Miller Pipeline, headquartered in Indianapolis, Indiana, United States, is a natural gas distribution, water/wastewater, and transmission pipeline and utility contracting company. The company provides a range of pipeline contracting and rehabilitation services for natural gas, liquids, water and wastewater pipelines. In the fall of 2006, Vectren purchased Duke Energy's interest in Miller Pipeline, making it a subsidiary of Vectren. In 2019, CenterPoint Energy merged with Vectren. In February 2020, CenterPoint announced it was selling Miller Pipeline and Minnesota Limited to Atlanta-based PowerTeam Services.
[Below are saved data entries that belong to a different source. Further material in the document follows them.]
(* In the discrete-time load balancing system described in the context (with parameter $\epsilon>0$ and any Markovian policy), $Q_n^{(\epsilon)}(t+1)U_n^{(\epsilon)}(t)=0$ for all $n\in\{1,\dots,N\}$ and $t\ge0$. Moreover, if the chain $\{\mathbf{Q}(t)\}$ is positive recurrent and its stationary distribution has a finite first moment, then $$\mathbb{E}\big[\|\overline{\mathbf{U}}^{(\epsilon)}\|_1^2\big]\le c_1\epsilon\qquad\text{and}\qquad \mathbb{E}\big[\|\overline{\mathbf{U}}^{(\epsilon)}\|_r^r\big]\le c_r\epsilon\quad (r\in(1,\infty)),$$ where the constants $c_1,c_r$ depend only on $N$, $S_{\max}$ and $r$, not on $\epsilon$.
   Context: Model: a discrete-time system with one dispatcher and $N$ servers; server $n$ has an infinite-buffer FIFO queue of length $Q_n(t)$ at the beginning of slot $t$. Arrivals $A_\Sigma(t)$: integer valued, i.i.d. over $t$, $A_\Sigma(t)\le A_{\max}<\infty$. Service $S_n(t)$: integer valued, i.i.d. over $t$, independent across servers and of arrivals, $S_n(t)\le S_{\max}<\infty$, mean $\mu_n$; $\mu_\Sigma=\sum_n\mu_n$. In each slot the arrivals are routed to one queue by a rule depending only on $\mathbf{Q}(t)$; $A_n(t)$ is the number routed to queue $n$. Dynamics: $Q_n(t+1)=Q_n(t)+A_n(t)-S_n(t)+U_n(t)$ with unused service $U_n(t)=\max\{S_n(t)-Q_n(t)-A_n(t),0\}$. In the system with parameter $\epsilon>0$ the arrival mean is $\mu_\Sigma-\epsilon$, and superscript $(\epsilon)$ marks its quantities. $\overline{\mathbf{U}}^{(\epsilon)}$ denotes the unused-service vector $\mathbf{U}(t)$ when $\mathbf{Q}(t)$ is distributed according to the stationary distribution. $\|\mathbf{x}\|_r=(\sum_n|x_n|^r)^{1/r}$. *)

theory Defs
  imports "HOL-Probability.Probability"
begin

text \<open>Servers are indexed by 0..N-1. A queue-length vector is a function nat => nat
 (components with index >= N are irrelevant / zero).  In one slot: the total arrival
 a (drawn from arr), the chosen queue k (drawn from route q, depending only on the
 current state q), and the service vector s (independent components S n) are drawn
 independently.\<close>

definition routed :: "nat \<Rightarrow> nat \<Rightarrow> nat \<Rightarrow> nat" where
  "routed a k n = (if n = k then a else 0)"

text \<open>Unused service U_n = max(S_n - Q_n - A_n, 0) (truncated nat subtraction).\<close>
definition unused :: "(nat \<Rightarrow> nat) \<Rightarrow> nat \<Rightarrow> nat \<Rightarrow> (nat \<Rightarrow> nat) \<Rightarrow> nat \<Rightarrow> nat" where
  "unused q a k s n = s n - (q n + routed a k n)"

definition next_state :: "nat \<Rightarrow> (nat \<Rightarrow> nat) \<Rightarrow> nat \<Rightarrow> nat \<Rightarrow> (nat \<Rightarrow> nat) \<Rightarrow> nat \<Rightarrow> nat" where
  "next_state N q a k s n =
     (if n < N then (q n + routed a k n + unused q a k s n) - s n else 0)"

definition service_vec :: "nat \<Rightarrow> (nat \<Rightarrow> nat pmf) \<Rightarrow> (nat \<Rightarrow> nat) pmf" where
  "service_vec N S = Pi_pmf {..<N} 0 S"

definition step :: "nat \<Rightarrow> nat pmf \<Rightarrow> (nat \<Rightarrow> nat pmf) \<Rightarrow> ((nat \<Rightarrow> nat) \<Rightarrow> nat pmf)
    \<Rightarrow> (nat \<Rightarrow> nat) \<Rightarrow> (nat \<Rightarrow> nat) pmf" where
  "step N arr S route q =
     bind_pmf arr (\<lambda>a. bind_pmf (route q) (\<lambda>k. bind_pmf (service_vec N S) (\<lambda>s.
       return_pmf (next_state N q a k s))))"

definition unused_dist :: "nat \<Rightarrow> nat pmf \<Rightarrow> (nat \<Rightarrow> nat pmf) \<Rightarrow> ((nat \<Rightarrow> nat) \<Rightarrow> nat pmf)
    \<Rightarrow> (nat \<Rightarrow> nat) pmf \<Rightarrow> (nat \<Rightarrow> nat) pmf" where
  "unused_dist N arr S route \<pi> =
     bind_pmf \<pi> (\<lambda>q. bind_pmf arr (\<lambda>a. bind_pmf (route q) (\<lambda>k. bind_pmf (service_vec N S) (\<lambda>s.
       return_pmf (unused q a k s)))))"

definition stationary :: "((nat \<Rightarrow> nat) \<Rightarrow> (nat \<Rightarrow> nat) pmf) \<Rightarrow> (nat \<Rightarrow> nat) pmf \<Rightarrow> bool" where
  "stationary K \<pi> \<longleftrightarrow> bind_pmf \<pi> K = \<pi>"

end

theory Submission
  imports Defs
begin

text \<open>Summing the dynamics over the servers gives the conservation law
  sum Q_n(t+1) + sum S_n(t) = sum Q_n(t) + A(t) + sum U_n(t) in every slot.  In stationarity,
  and because the first moment is finite, the queue terms cancel in expectation, so
  E ||U||_1 = E sum S_n - E A = epsilon.  Since 0 <= U_n <= S_n <= S_max, both
  ||U||_1^2 <= N S_max ||U||_1 and U_n^r <= S_max^(r-1) U_n hold pointwise, which gives
  c_1 = N S_max and c_r = S_max^(r-1).\<close>

lemma next_state_mult_unused: "n < N \<Longrightarrow> next_state N q a k s n * unused q a k s n = 0"
  by (auto simp: next_state_def unused_def)

lemma next_state_add_service:
  "n < N \<Longrightarrow> next_state N q a k s n + s n = q n + routed a k n + unused q a k s n"
  by (auto simp: next_state_def unused_def)

lemma sum_routed: "k < N \<Longrightarrow> (\<Sum>n<N. routed a k n) = a"
  by (simp add: routed_def)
CenterPoint Energy sold Miller Pipeline and Minnesota Limited (collectively, "MVerge") to PowerTeam Services for $850 million in cash, subject to customary purchase price adjustments. Net proceeds of the sale were used to repay a portion of outstanding CenterPoint Energy debt. In 2019, PowerTeam Services rebranded to Artera Services.

History 
Miller Pipeline was founded in 1953 (as a private company) as Don W. Miller, Incorporated in Green Springs, Ohio. In 1961, they branched out to Indianapolis and have since grown to include three divisions with approximately 3,800 construction professionals.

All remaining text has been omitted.